Some Council members and Kaag may refer to measures for the delivery of humanitarian aid via air drops and sea channels. In line with recent messaging from UN officials on this issue, Kaag is likely to stress that these measures do not represent an adequate substitute for the delivery of aid at scale via land routes. Today, Kaag may also update members on her recent travels and official meetings. According to an 18 April update by Spokesperson for the Secretary-General Stéphane Dujarric, Kaag recently concluded a visit to the Gaza Strip during which she travelled to Khan Younis where she visited two healthcare facilities and held meetings with medical personnel. Following her visit to Gaza, Kaag travelled to Tel Aviv where she held a meeting with Israeli Prime Minister Benjamin Netanyahu and other Israeli officials.

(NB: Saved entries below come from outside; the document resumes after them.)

(* Let $0\le\alpha<\beta$ with $\alpha+\beta<2$, and set $c_1=\alpha+\beta$, $c_2=\beta-\alpha$. Define $\tilde\Phi:\mathbb{R}^2\to\mathbb{R}$ by \[ \tilde\Phi(x,y)=\tfrac14c_1x^2+\tfrac14c_2y^2-\tfrac12\log\cosh\!\Big(\tfrac{c_1x+c_2y}{2}\Big)-\tfrac12\log\cosh\!\Big(\tfrac{c_1x-c_2y}{2}\Big). \] Then $(0,0)$ is the unique critical point of $\tilde\Phi$, and for every $r>0$, $\inf_{(x,y)\notin B(0,r)}\tilde\Phi(x,y)>0$, where $B(0,r)$ is the open Euclidean ball of radius $r$ about the origin. *)

theory Defs
  imports "HOL-Analysis.Analysis"
begin

text \<open>The function Phi-tilde on R^2 (modelled as real \<times> real, whose norm is Euclidean),
  with c1 = alpha + beta and c2 = beta - alpha.\<close>
definition Phi_tilde :: "real \<Rightarrow> real \<Rightarrow> real \<times> real \<Rightarrow> real" where
  "Phi_tilde \<alpha> \<beta> = (\<lambda>(x, y).
     let c1 = \<alpha> + \<beta>; c2 = \<beta> - \<alpha> in
       1/4 * c1 * x\<^sup>2 + 1/4 * c2 * y\<^sup>2
       - 1/2 * ln (cosh ((c1 * x + c2 * y) / 2))
       - 1/2 * ln (cosh ((c1 * x - c2 * y) / 2)))"

definition critical_point :: "('a::real_normed_vector \<Rightarrow> real) \<Rightarrow> 'a \<Rightarrow> bool" where
  "critical_point f p \<longleftrightarrow> (f has_derivative (\<lambda>h. 0)) (at p)"

end

theory Submission
  imports Defs
begin

text \<open>In the coordinates \<open>s = x + y\<close>, \<open>t = x - y\<close> the critical point equations of
  \<open>\<Phi>\<close> read \<open>s = tanh ((\<beta> s + \<alpha> t)/2)\<close>, \<open>t = tanh ((\<alpha> s + \<beta> t)/2)\<close>. Since
  \<open>\<bar>tanh z\<bar> \<le> \<bar>z\<bar>\<close>, adding the two equations in absolute value gives
  \<open>\<bar>s\<bar> + \<bar>t\<bar> \<le> (\<alpha> + \<beta>)/2 (\<bar>s\<bar> + \<bar>t\<bar>)\<close>, forcing \<open>s = t = 0\<close> because \<open>\<alpha> + \<beta> < 2\<close>.
  For the infimum, \<open>ln (cosh z) \<le> z\<^sup>2/2\<close> bounds \<open>\<Phi>\<close> below by a positive definite
  quadratic form, again because \<open>\<alpha> + \<beta> < 2\<close>.\<close>

lemma tanh_le_self:
  fixes z :: real
  assumes "0 \<le> z"
  shows "tanh z \<le> z"
proof -
  have "(\<lambda>w. w - tanh w) 0 \<le> (\<lambda>w. w - tanh w) z"
  proof (rule DERIV_nonneg_imp_nondecreasing[of 0 z "\<lambda>w. w - tanh w", OF assms])
    fix w :: real
    have "((\<lambda>w. w - tanh w) has_real_derivative 1 - (1 - (tanh w)\<^sup>2) * 1) (at w)"
      by (intro derivative_intros) auto
    then show "\<exists>d. ((\<lambda>w. w - tanh w) has_real_derivative d) (at w) \<and> 0 \<le> d"
      by (intro exI[of _ "1 - (1 - (tanh w)\<^sup>2) * 1"]) simp
  qed
  then show ?thesis by simp
qed

lemma abs_tanh_le_abs: "\<bar>tanh z\<bar> \<le> \<bar>z :: real\<bar>"
  using tanh_le_self[of "\<bar>z\<bar>"] by simp

lemma has_real_derivative_ln_cosh: "((\<lambda>z. ln (cosh z)) has_real_derivative tanh z) (at (z::real))"
  by (auto intro!: derivative_eq_intros simp: tanh_def)

lemma ln_cosh_le_half_square: "ln (cosh z) \<le> z\<^sup>2 / (2::real)"
proof -
  let ?g = "\<lambda>w::real. w\<^sup>2 / 2 - ln (cosh w)"
  have "?g 0 \<le> ?g \<bar>z\<bar>"
  proof (rule DERIV_nonneg_imp_nondecreasing[of 0 "\<bar>z\<bar>" ?g])
    fix w :: real assume "0 \<le> w"
    then have "0 \<le> w - tanh w" using tanh_le_self by simp
    moreover have "(?g has_real_derivative w - tanh w) (at w)"
      by (auto intro!: derivative_eq_intros simp: tanh_def)
    ultimately show "\<exists>d. (?g has_real_derivative d) (at w) \<and> 0 \<le> d" by blast
  qed simp
  then show ?thesis by simp
qed

lemma tanh_system_only_zero:
  fixes a b s t :: real
  assumes "0 \<le> a" "0 \<le> b" "a + b < 2"
    and s: "s = tanh ((b * s + a * t) / 2)"
    and t: "t = tanh ((a * s + b * t) / 2)"
  shows "s = 0 \<and> t = 0"
proof -
  have "\<bar>s\<bar> \<le> \<bar>b * s + a * t\<bar> / 2"
    using abs_tanh_le_abs[of "(b * s + a * t) / 2"] s by simp
  also have "\<dots> \<le> (b * \<bar>s\<bar> + a * \<bar>t\<bar>) / 2"
    using abs_triangle_ineq[of "b * s" "a * t"] assms(1,2) by (simp add: abs_mult)
  finally have bound_s: "\<bar>s\<bar> \<le> (b * \<bar>s\<bar> + a * \<bar>t\<bar>) / 2" .
  have "\<bar>t\<bar> \<le> \<bar>a * s + b * t\<bar> / 2"
    using abs_tanh_le_abs[of "(a * s + b * t) / 2"] t by simp
  also have "\<dots> \<le> (a * \<bar>s\<bar> + b * \<bar>t\<bar>) / 2"
    using abs_triangle_ineq[of "a * s" "b * t"] assms(1,2) by (simp add: abs_mult)
  finally have bound_t: "\<bar>t\<bar> \<le> (a * \<bar>s\<bar> + b * \<bar>t\<bar>) / 2" .
  have "(1 - (a + b) / 2) * (\<bar>s\<bar> + \<bar>t\<bar>) \<le> 0"
    using bound_s bound_t by (simp add: algebra_simps)
  moreover have "0 < 1 - (a + b) / 2" using assms(3) by simp
  ultimately have "\<bar>s\<bar> + \<bar>t\<bar> \<le> 0"
    by (simp add: mult_le_0_iff)
  then show ?thesis by (smt (verit) abs_ge_zero abs_eq_0)
qed

lemma has_derivative_Phi_tilde:
  fixes \<alpha> \<beta> x y :: real
  defines "A \<equiv> tanh (((\<alpha> + \<beta>) * x + (\<beta> - \<alpha>) * y) / 2)"
    and "B \<equiv> tanh (((\<alpha> + \<beta>) * x - (\<beta> - \<alpha>) * y) / 2)"
  shows "(Phi_tilde \<alpha> \<beta> has_derivative
           (\<lambda>(h, k). (\<alpha> + \<beta>) / 2 * (x - (A + B) / 2) * h + (\<beta> - \<alpha>) / 2 * (y - (A - B) / 2) * k))
         (at (x, y))"
proof -
  \<comment> \<open>Naming \<open>ln \<circ> cosh\<close> stops \<open>derivative_eq_intros\<close> from splitting it into \<open>ln\<close> and \<open>cosh\<close>.\<close>
  define lc where "lc z = ln (cosh z)" for z :: real
  have lc: "(lc has_real_derivative tanh z) (at z)" for z
    unfolding lc_def[abs_def] by (rule has_real_derivative_ln_cosh)
  have Phi: "Phi_tilde \<alpha> \<beta> = (\<lambda>p. 1/4 * (\<alpha> + \<beta>) * (fst p)\<^sup>2 + 1/4 * (\<beta> - \<alpha>) * (snd p)\<^sup>2
      - 1/2 * lc (((\<alpha> + \<beta>) * fst p + (\<beta> - \<alpha>) * snd p) / 2)
      - 1/2 * lc (((\<alpha> + \<beta>) * fst p - (\<beta> - \<alpha>) * snd p) / 2))"
    by (simp add: Phi_tilde_def lc_def fun_eq_iff Let_def)
  show ?thesis
    unfolding Phi A_def B_def
    by (rule has_derivative_eq_rhs, auto intro!: derivative_eq_intros lc[THEN DERIV_compose_FDERIV])
      (auto simp: fun_eq_iff field_simps)
qed

lemma critical_point_Phi_tilde_iff:
  assumes "\<alpha> + \<beta> \<noteq> 0" "\<beta> - \<alpha> \<noteq> 0"
  shows "critical_point (Phi_tilde \<alpha> \<beta>) (x, y) \<longleftrightarrow>
    x + y = tanh ((\<beta> * (x + y) + \<alpha> * (x - y)) / 2) \<and>
    x - y = tanh ((\<alpha> * (x + y) + \<beta> * (x - y)) / 2)"
proof -
  define A where "A = tanh (((\<alpha> + \<beta>) * x + (\<beta> - \<alpha>) * y) / 2)"
  define B where "B = tanh (((\<alpha> + \<beta>) * x - (\<beta> - \<alpha>) * y) / 2)"
  let ?D = "\<lambda>(h, k). (\<alpha> + \<beta>) / 2 * (x - (A + B) / 2) * h + (\<beta> - \<alpha>) / 2 * (y - (A - B) / 2) * k"
  have D: "(Phi_tilde \<alpha> \<beta> has_derivative ?D) (at (x, y))"
    unfolding A_def B_def by (rule has_derivative_Phi_tilde)
  have "critical_point (Phi_tilde \<alpha> \<beta>) (x, y) \<longleftrightarrow> ?D = (\<lambda>_. 0)"
    unfolding critical_point_def using D has_derivative_unique by metis
  also have "\<dots> \<longleftrightarrow> (\<alpha> + \<beta>) / 2 * (x - (A + B) / 2) = 0 \<and> (\<beta> - \<alpha>) / 2 * (y - (A - B) / 2) = 0"
  proof
    assume "?D = (\<lambda>_. 0)"
    then have "?D (1, 0) = 0" and "?D (0, 1) = 0" by simp_all
    then show "(\<alpha> + \<beta>) / 2 * (x - (A + B) / 2) = 0 \<and> (\<beta> - \<alpha>) / 2 * (y - (A - B) / 2) = 0"
      by simp
  next
    assume c: "(\<alpha> + \<beta>) / 2 * (x - (A + B) / 2) = 0 \<and> (\<beta> - \<alpha>) / 2 * (y - (A - B) / 2) = 0"
    show "?D = (\<lambda>_. 0)"
    proof
      fix hk :: "real \<times> real"
      show "?D hk = 0"
        by (cases hk) (simp only: case_prod_conv c[THEN conjunct1] c[THEN conjunct2] mult_zero_left add_0)
    qed
  qed
  also have "\<dots> \<longleftrightarrow> x + y = A \<and> x - y = B"
    using assms by auto
  finally have "critical_point (Phi_tilde \<alpha> \<beta>) (x, y) \<longleftrightarrow> x + y = A \<and> x - y = B" .
  moreover have "(\<alpha> + \<beta>) * x + (\<beta> - \<alpha>) * y = \<beta> * (x + y) + \<alpha> * (x - y)"
    and "(\<alpha> + \<beta>) * x - (\<beta> - \<alpha>) * y = \<alpha> * (x + y) + \<beta> * (x - y)"
    by algebra+
  ultimately show ?thesis unfolding A_def B_def by (simp only:)
qed

lemma Phi_tilde_ge_quadratic:
  "(\<alpha> + \<beta>) * (2 - (\<alpha> + \<beta>)) / 8 * x\<^sup>2 + (\<beta> - \<alpha>) * (2 - (\<beta> - \<alpha>)) / 8 * y\<^sup>2
     \<le> Phi_tilde \<alpha> \<beta> (x, y)"
proof -
  define u where "u = ((\<alpha> + \<beta>) * x + (\<beta> - \<alpha>) * y) / 2"
  define v where "v = ((\<alpha> + \<beta>) * x - (\<beta> - \<alpha>) * y) / 2"
  have "(\<alpha> + \<beta>) * (2 - (\<alpha> + \<beta>)) / 8 * x\<^sup>2 + (\<beta> - \<alpha>) * (2 - (\<beta> - \<alpha>)) / 8 * y\<^sup>2
      = 1/4 * (\<alpha> + \<beta>) * x\<^sup>2 + 1/4 * (\<beta> - \<alpha>) * y\<^sup>2 - 1/2 * (u\<^sup>2 / 2) - 1/2 * (v\<^sup>2 / 2)"
    unfolding u_def v_def by (simp add: power2_eq_square field_simps)
  also have "\<dots> \<le> 1/4 * (\<alpha> + \<beta>) * x\<^sup>2 + 1/4 * (\<beta> - \<alpha>) * y\<^sup>2
      - 1/2 * ln (cosh u) - 1/2 * ln (cosh v)"
    using ln_cosh_le_half_square[of u] ln_cosh_le_half_square[of v] by simp
  also have "\<dots> = Phi_tilde \<alpha> \<beta> (x, y)"
    by (simp add: Phi_tilde_def u_def v_def Let_def)
  finally show ?thesis .
qed

lemma Phi_tilde_ge_norm_square:
  assumes "0 \<le> \<alpha>" and "\<alpha> < \<beta>" and "\<alpha> + \<beta> < 2"
  obtains m where "0 < m" and "\<And>p. m * (norm p)\<^sup>2 \<le> Phi_tilde \<alpha> \<beta> p"
proof -
  define m where "m = min ((\<alpha> + \<beta>) * (2 - (\<alpha> + \<beta>)) / 8) ((\<beta> - \<alpha>) * (2 - (\<beta> - \<alpha>)) / 8)"
  have "0 < m" unfolding m_def using assms by simp
  moreover have "m * (norm p)\<^sup>2 \<le> Phi_tilde \<alpha> \<beta> p" for p
  proof (cases p)
    case (Pair x y)
    have "m * (norm p)\<^sup>2 = m * x\<^sup>2 + m * y\<^sup>2" by (simp add: Pair norm_Pair algebra_simps)
    also have "\<dots> \<le> Phi_tilde \<alpha> \<beta> p"
      using Phi_tilde_ge_quadratic[of \<alpha> \<beta> x y] unfolding Pair m_def
      by (smt (verit) min.cobounded1 min.cobounded2 mult_right_mono zero_le_power2)
    finally show ?thesis .
  qed
  ultimately show ?thesis using that by blast
qed

lemma INF_outside_ball_pos:
  fixes f :: "'a::{real_normed_vector, perfect_space} \<Rightarrow> real"
  assumes "0 < m" and f: "\<And>p. m * (norm p)\<^sup>2 \<le> f p" and "0 < r"
  shows "(INF p \<in> - ball 0 r. f p) > 0"
proof -
  obtain q :: 'a where "norm q = r"
    using vector_choose_size[of r] assms(3) by (metis less_imp_le)
  then have nonempty: "- ball (0::'a) r \<noteq> {}"
    by (metis ComplI empty_iff mem_ball_0 order.irrefl)
  have "m * r\<^sup>2 \<le> (INF p \<in> - ball 0 r. f p)"
  proof (rule cINF_greatest[OF nonempty])
    fix p assume "p \<in> - ball (0::'a) r"
    then have "r \<le> norm p" by simp
    then have "r\<^sup>2 \<le> (norm p)\<^sup>2" using assms(3) by (intro power_mono) simp_all
    then have "m * r\<^sup>2 \<le> m * (norm p)\<^sup>2" using assms(1) by simp
    then show "m * r\<^sup>2 \<le> f p" using f[of p] by linarith
  qed
  moreover have "0 < m * r\<^sup>2" using assms by simp
  ultimately show ?thesis by linarith
qed

theorem mainTheorem6:
  fixes \<alpha> \<beta> :: real
  assumes "0 \<le> \<alpha>" and "\<alpha> < \<beta>" and "\<alpha> + \<beta> < 2"
  shows "{p. critical_point (Phi_tilde \<alpha> \<beta>) p} = {(0, 0)} \<and>
    (\<forall>r>0. (INF p \<in> - ball (0::real \<times> real) r. Phi_tilde \<alpha> \<beta> p) > 0)"
proof
  have "critical_point (Phi_tilde \<alpha> \<beta>) (x, y) \<longleftrightarrow> x = 0 \<and> y = 0" for x y
    using critical_point_Phi_tilde_iff[of \<alpha> \<beta> x y] assms
      tanh_system_only_zero[of \<alpha> \<beta> "x + y" "x - y"] by auto
  then show "{p. critical_point (Phi_tilde \<alpha> \<beta>) p} = {(0, 0)}" by auto
next
  obtain m where "0 < m" and "\<And>p. m * (norm p)\<^sup>2 \<le> Phi_tilde \<alpha> \<beta> p"
    using Phi_tilde_ge_norm_square[OF assms] by blast
  then show "\<forall>r>0. (INF p \<in> - ball (0::real \<times> real) r. Phi_tilde \<alpha> \<beta> p) > 0"
    using INF_outside_ball_pos by blast
qed

end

Members may also seek an update from Kaag about any plans being prepared regarding early recovery and reconstruction in Gaza. According to a 29 March report by the World Bank, the EU and the UN, by the end of January the estimated cost of direct damage to built infrastructure in the Gaza Strip was about USD 18.5 billion. The report describes the shock to Gaza’s economy as “one of the largest observed in recent economic history”, with most of the population being pushed into multidimensional poverty. The report presents recommendations on possible early recovery actions, including clearing rubble and debris, conducting mine action, and restoring social services, such as health, education and cash support.

Today, several Council members are likely to express concern at the possibility of an Israeli offensive targeting Rafah, Gaza’s southernmost city. In a 23 April statement, UN High Commissioner for Human Rights Volker Türk “decried a series of Israeli strikes on Rafah in the past few days that killed mostly children and women”. He reiterated his previous warning against “a full-scale incursion on an area where 1.2 million civilians have been forcibly cornered”, adding that “[s]uch an operation would lead to further breaches of international humanitarian law and international human rights law”.

Although not an expected focus of today’s meeting, some Council members might refer to recent developments concerning UNRWA. On 20 April, the report of the independent review led by former French Minister of Foreign Affairs Catherine Colonna on how UNRWA upholds neutrality principles was issued. The report says that UNRWA “has established a significant number of mechanisms and procedures to ensure compliance with the humanitarian principles, with emphasis on the principle of neutrality”, noting that UNRWA “possesses a more developed approach to neutrality” than similar UN and NGO entities. At the same time, the report notes that “[d]espite this robust framework, neutrality-related issues persist”, including regarding “instances of staff publicly expressing political views” and of “host-country textbooks with problematic content being used in some UNRWA schools”. UNRWA has welcomed the report and its recommendations, and announced that it is developing an action plan to take the report’s recommendations forward. The review led by Colonna is separate from the investigation by the Office of Internal Oversight Service into allegations by Israel that twelve UNRWA employees played a role in the 7 October 2023 attacks. (For more, see our 16 April What’s in Blue story.)